Bab sebelumnya: Novel Warung Ngopi Bab 7


Coffee Bloom


“Kak, mana baju yang...” Gellyta menoleh, “Kakak...”
Bahu Gee menunduk lesu bagaikan padi merunduk. Matanya menatap seseorang di refleksi kaca. Tapi tak fokus.
“Woi, ibuuuu!”
Gee terperanjat. “Ogah dipanggil ibu. Kamu panggil aku Ibu atau Bu. Jangan ingatkan aku pada dia. Sebel!”
Tomi sering kali mengajak Gee bercandaan dengan memanggilnya ibu, kakak ketika ia berada di counter menyodori orderan.
“Aku harus panggil apa, Mbah, Po Po?”
Gee tersenyum kecut. Tepuk lembut ke pipi chubby adiknya. Bangkit dari bangku meja hiasnya. Melangkah pelan ke jendela. Tatap kosong di luar sana di kegelapan malam.
Gellyta menghela napas dan geleng kepala melihat keadaan kakaknya.
“Kenapa denganmu, Kak?”
“Hari ini seorang perempuan minta dibuatin Latte Art. Semakin aku memikirkan dia, aku sakit hati bila seorang perempuan di dekatnya.”
“Lantas?”
“Ngh?”
“Mengapa kakak sewot?”

***

Ritme langkahnya cepat. Terkesan buru-buru. Tomi mengayunkan tangan agak melebar. Bertepatan itu seseorang menaiki tangga. Tak dinyana, ujung jemari kiri orang itu tersentuh lembut di telapak tangan kiri Tomi.
Ngg....
Sangat singkat. Refleks, langkah mereka terhenti.
Tomi mendongak ke orang yang berdiri di dua anak dari Tomi injak sekarang. Tomi melihat sekilas orang itu ketika menuruni tangga, bahwa ia… tapi tak yakin dan ternyata benar. “Gee,” ucapnya dalam hati.
Gee menoleh ke bawah. Pandangi Tomi. Tangannya yang terpaut melepas setelah beberapa detik.
Mereka tercengang. Selama sepersekian detik.
Tidak satu kata pun keluar. Kemudian mereka melanjutkan tujuan perjalanan mereka.

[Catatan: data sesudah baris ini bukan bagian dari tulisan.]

(* Let $I_{-1}:=\iint_T\frac{dx\,dy}{xy(-\ln xy)}$ and, for $n\ge0$, $I_n:=\iint_T \frac{(-\ln xy)^n}{xy}\,dx\,dy$. Then \[ I_{-1}=\sum_{n=0}^\infty(-1)^n\frac{I_n}{(n+1)!}+\int_0^1\frac{\operatorname{li}(x-x^2)}{x}\,dx+1, \] where the series converges.
   Context: $T:=\{(x,y)\in[0,1]^2 : x+y\ge 1\}$. The logarithmic integral is $\operatorname{li}(u):=\int_0^u\frac{dv}{\ln v}$ for $0<u<1$. *)

theory Defs
  imports "HOL-Analysis.Analysis"
begin

definition T_set :: "(real \<times> real) set" where
  "T_set = {(x, y). 0 \<le> x \<and> x \<le> 1 \<and> 0 \<le> y \<and> y \<le> 1 \<and> x + y \<ge> 1}"

text \<open>Logarithmic integral li(u) = int_0^u dv / ln v (meant for 0 < u < 1).\<close>
definition li :: "real \<Rightarrow> real" where
  "li u = (LBINT v=0..u. 1 / ln v)"

definition f_neg1 :: "real \<times> real \<Rightarrow> real" where
  "f_neg1 = (\<lambda>(x, y). 1 / (x * y * (- ln (x * y))))"

definition f_n :: "nat \<Rightarrow> real \<times> real \<Rightarrow> real" where
  "f_n n = (\<lambda>(x, y). (- ln (x * y)) ^ n / (x * y))"

definition I_neg1 :: real where
  "I_neg1 = (LINT z:T_set|lborel. f_neg1 z)"

definition I_n :: "nat \<Rightarrow> real" where
  "I_n n = (LINT z:T_set|lborel. f_n n z)"

end

theory Submission imports Defs "HOL-Probability.Distributions" begin

(*
  Write L(x,y) = -ln (x y).  The integrals I_n and I_{-1} are integrals of
  functions of L against the measure dx dy / (x y) on T.  The image of this measure under L has
  an explicit density W_T on (0, oo):  for fixed t > 0 the y-integral is computed by the
  substitution u = ln (x y), and the remaining x-integral is the dx/x-measure of
  {x : e^-t <= x, x (1 - x) <= e^-t}, which is a union of at most two intervals.  Hence
      I_n = int W_T(t) t^n dt,    I_{-1} = int W_T(t) / t dt,
      int W_T(t) e^-t / t dt = 1 + int_0^1 li(x - x^2) / x dx,
  the last one by a second computation on T involving the logarithmic integral.
  The series cannot be summed under the integral by dominated convergence, since
  W_T(t) ~ 2 e^-t and the partial sums of e^-t grow like e^t.  We therefore split
  W_T(t)/t = m(t) + r(t) with the explicit main part m(t) = 2 (e^-t - e^-2t) / t and a rest
  r(t) = O(e^-2t): the rest is handled by dominated convergence, while for the main part the
  Laplace representation m(t) = int_1^2 2 e^-st ds turns the partial sums into a geometric
  series in -1/s, which converges for s in (1, 2].
*)

lemma integrable_integral_from_nn_integral:
  fixes f :: "'a \<Rightarrow> real"
  assumes [measurable]: "f \<in> borel_measurable M" and nn: "\<And>x. 0 \<le> f x"
    and eq: "(\<integral>\<^sup>+x. ennreal (f x) \<partial>M) = ennreal r" and r: "0 \<le> r"
  shows "integrable M f" "integral\<^sup>L M f = r"
proof -
  show i: "integrable M f" by (rule integrableI_nonneg) (use nn eq in auto)
  have "ennreal (integral\<^sup>L M f) = ennreal r"
    using nn_integral_eq_integral[OF i] nn eq by simp
  moreover have "0 \<le> integral\<^sup>L M f" using nn by (simp add: integral_nonneg_AE)
  ultimately show "integral\<^sup>L M f = r" using r by simp
qed

lemma integrable_integral_from_nn_integral_eq:
  fixes f g :: "real \<Rightarrow> real"
  assumes [measurable]: "f \<in> borel_measurable borel" and fn: "\<And>x. 0 \<le> f x" and gn: "\<And>x. 0 \<le> g x"
    and eq: "(\<integral>\<^sup>+x. ennreal (f x) \<partial>lborel) = (\<integral>\<^sup>+x. ennreal (g x) \<partial>lborel)"
    and gi: "integrable lborel g"
  shows "integrable lborel f" "integral\<^sup>L lborel f = integral\<^sup>L lborel g"
proof -
  have e: "(\<integral>\<^sup>+x. ennreal (f x) \<partial>lborel) = ennreal (integral\<^sup>L lborel g)"
    unfolding eq by (rule nn_integral_eq_integral[OF gi]) (use gn in auto)
  have "0 \<le> integral\<^sup>L lborel g" using gn by (simp add: integral_nonneg_AE)
  then show "integrable lborel f" "integral\<^sup>L lborel f = integral\<^sup>L lborel g"
    using integrable_integral_from_nn_integral[OF _ fn e] by auto
qed

lemma integrable_bounded_on_Icc:
  fixes h :: "real \<Rightarrow> real"
  assumes [measurable]: "h \<in> borel_measurable borel" and b: "\<And>s. s \<in> {a..b} \<Longrightarrow> \<bar>h s\<bar> \<le> B"
  shows "integrable lborel (\<lambda>s. indicator {a..b} s * h s)"
proof -
  have "integrable lborel (\<lambda>s. indicator {a..b} s *\<^sub>R h s)"
    by (rule integrableI_bounded_set_indicator[where B = B]) (use b in \<open>auto simp: emeasure_lborel_Icc_eq\<close>)
  then show ?thesis by simp
qed

lemma nn_integral_inverse_Icc:
  fixes a b :: real assumes "0 < a" "a \<le> b"
  shows "(\<integral>\<^sup>+x. ennreal (indicator {a..b} x / x) \<partial>lborel) = ennreal (ln b - ln a)"
proof -
  have "((\<lambda>x. 1 / x) has_integral (ln b - ln a)) {a..b}"
  proof (rule fundamental_theorem_of_calculus[OF assms(2)])
    fix x assume "x \<in> {a..b}"
    then have "x > 0" using assms by auto
    then show "(ln has_vector_derivative 1 / x) (at x within {a..b})"
      by (auto intro!: derivative_eq_intros simp: has_real_derivative_iff_has_vector_derivative[symmetric])
  qed
  then have "integral\<^sup>N lborel (\<lambda>x. indicator {a..b} x * (1 / x)) = ennreal (ln b - ln a)"
    by (intro nn_integral_has_integral_lebesgue) (use assms in auto)
  then show ?thesis by (simp add: divide_inverse)
qed

(* The Gamma integral int_0^oo t^k e^(-a t) dt = k! / a^(k+1), by rescaling the case a = 1. *)
lemma nn_integral_power_exp:
  fixes a :: real assumes a: "0 < a"
  shows "(\<integral>\<^sup>+t. ennreal (indicator {0..} t * t^k * exp (- a * t)) \<partial>lborel) = ennreal (fact k / a^(k+1))"
proof -
  define X where "X = (\<integral>\<^sup>+t. ennreal (indicator {0..} t * t^k * exp (- a * t)) \<partial>lborel)"
  have scale: "ennreal ((0 + a * x)^k * exp (-(0 + a * x))) * indicator {0 ..} (0 + a * x) =
          ennreal (a^k) * ennreal (indicator {0..} x * x^k * exp (- a * x))" for x
    using a by (cases "0 \<le> x") (auto simp: indicator_def ennreal_mult'[symmetric] power_mult_distrib zero_le_mult_iff)
  have "ennreal (fact k) = (\<integral>\<^sup>+x. ennreal (x^k * exp (-x)) * indicator {0 ..} x \<partial>lborel)"
    using nn_intergal_power_times_exp_Ici[of k] by simp
  also have "\<dots> = ennreal \<bar>a\<bar> * (\<integral>\<^sup>+x. ennreal ((0 + a * x)^k * exp (-(0 + a * x))) * indicator {0 ..} (0 + a * x) \<partial>lborel)"
    by (rule nn_integral_real_affine) (use a in auto)
  also have "\<dots> = ennreal a * (ennreal (a^k) * X)"
    unfolding scale using a by (subst nn_integral_cmult) (auto simp: X_def)
  also have "\<dots> = ennreal (a^(k+1)) * X"
    using a by (simp add: ennreal_mult mult.assoc)
  finally have e: "ennreal (fact k) = ennreal (a^(k+1)) * X" .
  have inv1: "ennreal (inverse (a^(k+1))) * ennreal (a^(k+1)) = 1"
    using a by (subst ennreal_mult[symmetric]) (auto simp: field_simps)
  have "X = ennreal (inverse (a^(k+1))) * (ennreal (a^(k+1)) * X)"
    by (simp only: mult.assoc[symmetric] inv1) simp
  also have "\<dots> = ennreal (inverse (a^(k+1)) * fact k)"
    using a by (simp only: e[symmetric] ennreal_mult'[symmetric] inverse_nonnegative_iff_nonnegative zero_le_power less_imp_le)
  finally show ?thesis by (simp add: X_def field_simps)
qed

lemma integrable_power_exp: "integrable lborel (\<lambda>t::real. indicator {0..} t * t^k * exp (- t))"
proof -
  have "integrable lborel (\<lambda>t::real. indicator {0..} t * t^k * exp (- 1 * t))"
    by (rule integrable_integral_from_nn_integral(1)[OF _ _ nn_integral_power_exp[of 1 k]])
       (auto simp: indicator_def)
  then show ?thesis by simp
qed

text \<open>The density of the push-forward of dx dy/(xy) on T under (x,y) \<mapsto> -ln(xy).\<close>

(* For t > 0 this is the dx/x-measure of {x : e^-t <= x, x - x^2 <= e^-t} (lemma W_T_slice):
   the whole interval [e^-t, 1] if e^-t >= 1/4, otherwise [e^-t, r1] \<union> [r2, 1] with r1, r2
   the roots of x - x^2 = e^-t. *)
definition W_T :: "real \<Rightarrow> real" where
  "W_T t = (if t \<le> 0 then 0 else if 1/4 \<le> exp (-t) then t
           else 2 * ln (2 / (1 + sqrt (1 - 4 * exp (-t)))))"

lemma W_T_borel[measurable]: "W_T \<in> borel_measurable borel"
  unfolding W_T_def by measurable

lemma quadratic_sublevel_iff:
  fixes s x :: real
  assumes "0 < 1 - 4 * s"
  shows "x - x^2 \<le> s \<longleftrightarrow> x \<le> (1 - sqrt (1 - 4 * s)) / 2 \<or> (1 + sqrt (1 - 4 * s)) / 2 \<le> x"
proof -
  define q where "q = sqrt (1 - 4 * s)"
  have q0: "0 < q" using assms by (simp add: q_def)
  have "s = (1 - q^2) / 4" using assms by (simp add: q_def)
  then have "x - x^2 - s = - ((x - (1 - q) / 2) * (x - (1 + q) / 2))"
    by (simp add: power2_eq_square field_simps)
  then have "x - x^2 \<le> s \<longleftrightarrow> 0 \<le> (x - (1 - q) / 2) * (x - (1 + q) / 2)" by linarith
  also have "\<dots> \<longleftrightarrow> x \<le> (1 - q) / 2 \<or> (1 + q) / 2 \<le> x" using q0
    by (auto simp: zero_le_mult_iff)
  finally show ?thesis by (simp add: q_def)
qed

Mungkin berusaha menutupi. Atau pura-pura tak tahu.
Tomi menengok ke belakang. Gee terus menaiki tangga. Yah… Tomi tak tahu Gee sempat menoleh sebentar. Melihat punggung Tomi.
Gee memikirkan sesuatu. Ia berlindung di belakang meja counter. Meletakkan tasnya di sudut meja. Tiba-tiba saja memorinya memutar momen tadi.
Tadi itu... cuman nggak sengaja. Jika dia nggak sengaja, kenapa... Jantung Gee bergelora. Aaa... ku nggak sengaja menyentuh dia.
Saksi Tertinggi-lah yang menjadi saksi kebenaran mengenai keadaan sebenar mereka.
Gee menaruh tangan di dadanya, belum berhenti.
Sentuhan itu pelan, berkibas seperti tiupan angin. Sekilas, tapi efeknya terasa di ujung jari hingga mengalir sengatan mengelitik di hati mereka.
Gemuruh di dada Gee.
Degup kencang di balik kemeja putih Tomi.
Tomi mengabaikan perasaan itu sesaat yang sempat menyesakkan tenggoroknya. Lagi-lagi, sentuhan itu mengapung di benak Tomi. Kok bisa tanganku tersentuh sama Gee? Masa iya dia sengaja sentuh tanganku. Alaaa... Sudahlah. Tomi mengibaskan tangan. Seolah mengindahkan pikirannya. “Lebih baik pergi ambil kopi bubuk.”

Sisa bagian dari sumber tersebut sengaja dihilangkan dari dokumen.